80 employees/1 EHS professional
Employees from all levels of the company volunteer to participate in the Environmental, Safety and Quality Committee, which promotes awareness of EHS and quality issues and develops initiatives to improve the health, safety and wellness of Watermark employees and their families. Pocket-size "tip slips" enable employees to anonymously submit EHS ideas and concerns; managers are required to provide feedback on all tip-slip suggestions.
Watermark often works on projects in which client specifications call for at least two people on site to be trained in CPR and first aid. Watermark takes it a step further by requiring all of its employees to be trained in CPR and first aid and in the use of automated external defibrillators and bloodborne pathogens. Trainees include everyone from laborers and superintendents to company officers and project managers.
Every day, nearly 700,000 residential, commercial and industrial customers in Kansas depend on Westar Energy for electricity, and the utility prides itself on being so reliable that customers "take us for granted." But Westar's reliable energy doesn't come at the expense of worker safety.
Executive Vice President and COO Doug Sterbenz promises that Westar never will trade the health and well-being of its employees "for getting the lights on, generating electricity or servicing a customer." Sterbenz repeats the mantra at all of his speaking engagements, and the quote is found throughout the company's facilities.
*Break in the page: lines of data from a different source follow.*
lemma adj_eigenvalue_perp_in_spectrum:
  assumes reg: "regular n E d"
    and eig: "\<And>i. i < n \<Longrightarrow> (\<Sum>j\<in>{0..<n}. adj_entry E i j * z j) = \<mu> * z i"
    and sum: "(\<Sum>i\<in>{0..<n}. z i) = 0" and nz: "\<exists>i<n. z i \<noteq> 0"
  shows "\<mu> \<in># adj_spectrum n E - {#real d#}"
proof -
  let ?p = "char_poly (adj_mat n E)"
  have "adj_mat n E \<in> carrier_mat n n"
    unfolding adj_mat_def by simp
  then have p_nz: "?p \<noteq> 0"
    using degree_monic_char_poly[of "adj_mat n E" n] by auto
  moreover have "count {#real d#} \<mu> < order \<mu> ?p"
  proof (cases "\<mu> = real d")
    case True
    have "2 \<le> order (real d) (char_poly (mat n n (\<lambda>(k, l). adj_entry E k l)))"
    proof (rule order_char_poly_ge_two[where a = "adj_entry E" and c = "real d", OF _ _ sum nz])
      show "(\<Sum>j\<in>{0..<n}. adj_entry E k j) = real d" if "k < n" for k
        using sum_adj_entry_row[OF reg that] .
      show "(\<Sum>j\<in>{0..<n}. adj_entry E k j * z j) = real d * z k" if "k < n" for k
        using eig[OF that] True by simp
    qed
    then show ?thesis
      using True unfolding adj_mat_eq by simp
  next
    case False
    have "poly ?p \<mu> = 0"
      unfolding adj_mat_eq by (rule poly_char_poly_eigenvector[OF eig nz])
    then have "order \<mu> ?p \<noteq> 0"
      using p_nz order_root by blast
    then show ?thesis
      using False by simp
  qed
  ultimately show ?thesis
    unfolding adj_spectrum_def by (simp add: in_diff_count)
qed

lemma ndl_graph_vertices_pos:
  assumes "ndl_graph n d lam E"
  shows "0 < n"
proof (rule ccontr)
  let ?p = "char_poly (adj_mat n E)"
  assume "\<not> 0 < n"
  moreover have "adj_mat n E \<in> carrier_mat n n"
    unfolding adj_mat_def by simp
  ultimately have "degree ?p = 0" "coeff ?p 0 = 1"
    using degree_monic_char_poly[of "adj_mat n E" n] by auto
  then have "?p = [:1:]"
    using degree_0_id[of ?p] by simp
  moreover have "real d \<in># proots ?p"
    using assms unfolding ndl_graph_def adj_spectrum_def by simp
  ultimately show False
    by (simp add: set_count_proots)
qed

locale spectral_expander =
  fixes n :: nat and E :: "nat \<Rightarrow> nat \<Rightarrow> bool" and d :: nat and lam :: real
  assumes simple: "simple_graph n E" and regular: "regular n E d" and vertices_pos: "0 < n"
    and quad_form_le:
      "\<And>x. (\<Sum>i\<in>{0..<n}. x i) = 0 \<Longrightarrow> bilin_form n (adj_entry E) x x \<le> lam * inner_prod n x x"

lemma spectral_expander_mono:
  assumes "spectral_expander n E d lam" "lam \<le> lam'"
  shows "spectral_expander n E d lam'"
proof -
  interpret spectral_expander n E d lam
    by fact
  show ?thesis
  proof (rule spectral_expander.intro[OF simple regular vertices_pos])
    fix x :: "nat \<Rightarrow> real"
    assume "(\<Sum>i\<in>{0..<n}. x i) = 0"
    then have "bilin_form n (adj_entry E) x x \<le> lam * inner_prod n x x"
      by (rule quad_form_le)
    also have "\<dots> \<le> lam' * inner_prod n x x"
      using assms(2) inner_prod_self_nonneg by (rule mult_right_mono)
    finally show "bilin_form n (adj_entry E) x x \<le> lam' * inner_prod n x x" .
  qed
qed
The numbers reflect Westar's commitment to safety: The company's total case incident rate has declined steadily over the years, to a record-low 0.58 in 2013 (well-below the industry average). Employee engagement is high, thanks to growing participation in safety meetings, safety committees and peer-to-peer safety observations. And each year, Westar brings company executives and nationally known speakers to 12 Westar facilities across the state as part of safety-focused kick-off and mid-year tours, and holds safety rallies in the second and fourth quarters at 32 worksites across the state, involving 2,000 of Westar's approximately 2,400 employees.
Westar Energy Inc. —
2,340 employees/30 EHS professionals
Still, Westar, which is the largest electric utility in Kansas, isn't content to rest on its laurels. When the company's behavior-based observation process became "stagnant," Westar developed separate processes for supervisors and craft employees, and eventually created custom forms for field and customer-care personnel, explains Ben Scriven, manager of plant safety. Westar's behavior-based process is based on the concept of "no name, no blame" and emphasizes communication and positive reinforcement during the observations.
"What makes Westar different is the recognition that we're never as good in reality as we think we are," Scriven says. "We're not satisfied with where we are. We understand that we will fail if we stop improving. And failing our employees is not an option."